In recent years, with the rapid development of the Internet, people frequently post comments about a specific object on the Internet. Mastering the critical information from the crowdsourced comments promptly is crucial to the decision-making and service adjustment, with non-negligible application value. Therefore, it is imperative to devote effort to the research on crowdsourced comment integration problem. The goal of the crowdsourced comment integration is to integrate different users?? comments on the target object into a shorter integrated document by a given compression rate, so as to form a comparatively matched description of the target object according to the public cognition. To solve such problem, a two-phase crowdsourced comment integration method based on reward prediction and policy gradient is proposed. The proposed method does not rely on any man-made ground truth, only requiring the crowdsourced comments. Then, an agent, guided by the experience or reward, will extract key sentence from the crowdsourced comments to generate the integrated comment. Specifically, in the first phase, measuring the content quality of the integrated comment by the relevance and redundancy of sentences, taking the content quality as reward, the long-term reward from selecting a current sentence to the end of the whole comment integration process will be predicted by Q-value, based on which the agent is guided to learn an optimal sentence selection policy. Then, in the second phase, taking the sentiment intensity of the integrated comment as reward, the sentence selection policy learnt in the first phase will be further adjusted by policy gradient, so that the integrated comment generated by the agent can highlight the sentiment intensity from an objective perspective and reflect users?? attitude more obviously, at the same time, maintaining the content quality. According to the experimental results, compared with the other existing methods, the proposed method can achieve the best overall performance in terms of the content quality as well as the sentiment intensity of the integrated comment, and the time consumed for generation is still controlled at an acceptable level.

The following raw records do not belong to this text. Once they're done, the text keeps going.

lemma density_convex_rank_one:
  assumes I: "finite I" and w: "\<forall>t\<in>I. 0 \<le> w t" "(\<Sum>t\<in>I. w t) = 1"
    and u: "\<forall>t\<in>I. (\<Sum>r<n. (cmod (u t r))\<^sup>2) = 1"
  shows "density n (msum n n I (\<lambda>t. complex_of_real (w t) \<cdot>\<^sub>m rank_one_mat n (u t)))"
proof -
  let ?X = "msum n n I (\<lambda>t. complex_of_real (w t) \<cdot>\<^sub>m rank_one_mat n (u t))"
  have X: "?X $$ (r, s) = (\<Sum>t\<in>I. complex_of_real (w t) * (u t r * cnj (u t s)))"
    if "r < n" "s < n" for r s
    using that by (simp add: rank_one_mat_def)
  have "psd n ?X"
    unfolding psd_iff_psd_kernel using psd_kernel_sum_rank_one[OF w(1)] psd_kernel_cong[of n, OF X] by simp
  have "mtrace ?X = (\<Sum>r<n. \<Sum>t\<in>I. complex_of_real (w t) * (u t r * cnj (u t r)))"
    unfolding mtrace_def dim_row_msum by (intro sum.cong refl X) auto
  also have "\<dots> = (\<Sum>t\<in>I. complex_of_real (w t) * (\<Sum>r<n. u t r * cnj (u t r)))"
    unfolding sum_distrib_left by (rule sum.swap)
  also have "\<dots> = (\<Sum>t\<in>I. complex_of_real (w t))"
    using u unfolding complex_norm_square[symmetric] of_real_sum[symmetric] by simp
  also have "\<dots> = 1"
    using w(2) unfolding of_real_sum[symmetric] by simp
  finally show ?thesis using \<open>psd n ?X\<close> unfolding density_def by simp
qed

lemma unit_vector_scaling:
  fixes v :: "nat \<Rightarrow> complex"
  assumes n: "0 < n"
  obtains u where "(\<Sum>r<n. (cmod (u r))\<^sup>2) = 1"
    "\<forall>r<n. v r = complex_of_real (sqrt (\<Sum>r<n. (cmod (v r))\<^sup>2)) * u r"
proof (cases "(\<Sum>r<n. (cmod (v r))\<^sup>2) = 0")
  case True
  then have v: "\<forall>r<n. v r = 0" by (simp add: sum_nonneg_eq_0_iff)
  define e :: "nat \<Rightarrow> complex" where "e r = (if r = 0 then 1 else 0)" for r
  have "(cmod (e r))\<^sup>2 = (if r = 0 then 1 else 0)" for r
    unfolding e_def by simp
  then have "(\<Sum>r<n. (cmod (e r))\<^sup>2) = 1"
    using n by simp
  with v True show ?thesis using that[of e] by simp
next
  case False
  define c where "c = (\<Sum>r<n. (cmod (v r))\<^sup>2)"
  then have "0 < c" using False by (simp add: sum_nonneg order_less_le)
  have "(\<Sum>r<n. (cmod (v r / sqrt c))\<^sup>2) = (\<Sum>r<n. (cmod (v r))\<^sup>2) / c"
    using \<open>0 < c\<close> by (simp add: norm_divide power_divide sum_divide_distrib)
  also have "\<dots> = 1"
    using \<open>0 < c\<close> unfolding c_def by simp
  finally show ?thesis
    using \<open>0 < c\<close> that[of "\<lambda>r. v r / sqrt c"] unfolding c_def by simp
qed
lemma hermitian_op_inner_commute:
  assumes "hermitian_op A"
  shows "inner x (A *v y) = inner (A *v x) y"
proof -
  have A: "cnj (A$j$i) = A$i$j" for i j
    using assms unfolding hermitian_op_def by (metis complex_cnj_cnj)
  have "inner (A *v x) y = inner y (A *v x)"
    by (rule inner_commute)
  also have "\<dots> = Re (cnj (\<Sum>j\<in>UNIV. \<Sum>i\<in>UNIV. cnj (y$j) * A$j$i * x$i))"
    by (simp only: inner_matrix_vector_mult cnj.sel(1))
  also have "\<dots> = Re (\<Sum>j\<in>UNIV. \<Sum>i\<in>UNIV. cnj (x$i) * A$i$j * y$j)"
    unfolding cnj_sum complex_cnj_mult complex_cnj_cnj A by (simp only: mult_ac)
  also have "\<dots> = inner x (A *v y)"
    unfolding inner_matrix_vector_mult by (subst sum.swap) (rule refl)
  finally show ?thesis ..
qed

lemma Re_quad_form_add:
  assumes "hermitian_op A"
  shows "Re (quad_form A (v + w)) = Re (quad_form A v) + 2 * inner w (A *v v) + Re (quad_form A w)"
proof -
  have "inner v (A *v w) = inner w (A *v v)"
    unfolding hermitian_op_inner_commute[OF assms, of v w] by (rule inner_commute)
  then show ?thesis
    unfolding Re_quad_form_eq_inner matrix_vector_right_distrib inner_add_left inner_add_right
    by linarith
qed

lemma Re_quad_form_add_kernel:
  assumes "hermitian_op A" "A *v z = 0"
  shows "Re (quad_form A (v + z)) = Re (quad_form A v)"
proof -
  have "inner z (A *v v) = 0"
    unfolding hermitian_op_inner_commute[OF assms(1), of z v] assms(2) by simp
  then show ?thesis
    unfolding Re_quad_form_add[OF assms(1)] Re_quad_form_eq_inner[of A z] assms(2) by simp
qed

definition psd_op :: "complex^'n^'n \<Rightarrow> bool" where
  "psd_op A \<longleftrightarrow> hermitian_op A \<and> (\<forall>v. 0 \<le> Re (quad_form A v))"

lemma density_op_iff_psd_op: "density_op A \<longleftrightarrow> psd_op A \<and> trace_op A = 1"
  by (auto simp: density_op_def psd_op_def)

lemma psd_op_add: "psd_op A \<Longrightarrow> psd_op B \<Longrightarrow> psd_op (A + B)"
  by (simp add: psd_op_def hermitian_op_add quad_form_add)

lemma psd_op_scaleR: "psd_op A \<Longrightarrow> 0 \<le> r \<Longrightarrow> psd_op (r *\<^sub>R A)"
  by (simp add: psd_op_def hermitian_op_scaleR quad_form_scaleR)

lemma trace_op_psd_op:
  assumes "psd_op A"
  shows "trace_op A = complex_of_real (Re (trace_op A))" "0 \<le> Re (trace_op A)"
proof -
  have "A$i$i = cnj (A$i$i)" for i
    using assms unfolding psd_op_def hermitian_op_def by blast
  then have "Im (A$i$i) = 0" for i
    by (metis cnj.sel(2) neg_equal_zero)
  moreover have "0 \<le> Re (A$i$i)" for i
    using assms quad_form_axis[of A i 1] unfolding psd_op_def by (metis complex_cnj_one mult_1 mult_1_right)
  ultimately show "trace_op A = complex_of_real (Re (trace_op A))" "0 \<le> Re (trace_op A)"
    by (simp_all add: trace_op_def complex_eq_iff sum_nonneg)
qed

lemma density_op_scaleR_inverse_trace:
  assumes "psd_op A" "trace_op A = complex_of_real t" "t \<noteq> 0"
  shows "density_op ((1 / t) *\<^sub>R A)"
  using assms trace_op_psd_op(2)[OF assms(1)]
  by (simp add: density_op_iff_psd_op psd_op_scaleR trace_op_scaleR flip: of_real_mult)

section \<open>The phase torus\<close>

definition torus :: "(complex^'n) set" where
  "torus = {u. \<forall>i. cmod (u$i) = 1}"

lemma mem_torus: "u \<in> torus \<longleftrightarrow> (\<forall>i. cmod (u$i) = 1)"
  by (simp add: torus_def)

lemma cnj_mult_self_unimodular: "cmod z = 1 \<Longrightarrow> cnj z * z = 1"
  by (metis complex_norm_square mult.commute of_real_1 power_one)

lemma torus_cnj_mult_self: "u \<in> torus \<Longrightarrow> cnj (u$i) * u$i = 1"
  by (simp add: mem_torus cnj_mult_self_unimodular)

lemma compact_torus: "compact torus"
  unfolding compact_eq_bounded_closed
proof
  show "bounded (torus :: (complex^'n) set)"
    unfolding bounded_iff
  proof (intro exI ballI)
    fix x :: "complex^'n"
    assume "x \<in> torus"
    have "norm x \<le> (\<Sum>i\<in>UNIV. norm (x$i))"
      unfolding norm_vec_def by (rule L2_set_le_sum) simp
    then show "norm x \<le> CARD('n)"
      using \<open>x \<in> torus\<close> by (simp add: mem_torus)
  qed
  show "closed (torus :: (complex^'n) set)"
    unfolding torus_def by (intro closed_Collect_all closed_Collect_eq continuous_intros)
qed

Key words: crowdsourced data integration, truth inference, deep learning, artificial intelligence

摘要：

近年来随着互联网的飞速发展，人们频繁地在网络上发布关于某一特定对象的评论内容，快速掌握众包评论文本的关键信息对决策制定、服务调整有着重要作用，对众包评论文本集成进行深入研究亦显得十分必要。众包评论文本集成旨在将不同评论者对同一对象的评论内容以既定压缩率整合成较短的集成文本，从而根据大众认知形成关于特定对象较为匹配的内容描述。针对该问题提出了一种利用收益预测与策略梯度的两阶段众包评论集成方法。该方法不依赖于任何人工真值，仅提供源众包评论文档，由代理根据收益经验自行抽取关键语句形成众包评论集成文档。具体而言，第一阶段以语句相关性与冗余性衡量集成文档内容质量，以此作为收益，利用Q-值学习预测出从当前语句选择起直至评论集成结束时所产生的长期收益，由此指导代理学习最优语句选择策略；在此基础上，第二阶段以集成文档情感强度为收益，利用策略梯度（上升）进一步调整第一阶段代理习得的语句选择策略，使得代理所产生集成文本在具备一定内容质量同时，从客观角度突显文本情感强度，更明确反映出评论者所持有的情感态度。实验结果表明，与现有相关方法相比，所提出方法在评论文本集成内容质量与情感强度方面总体取得最优，且产生集成文档所耗费时长仍控制在可接受范围之内。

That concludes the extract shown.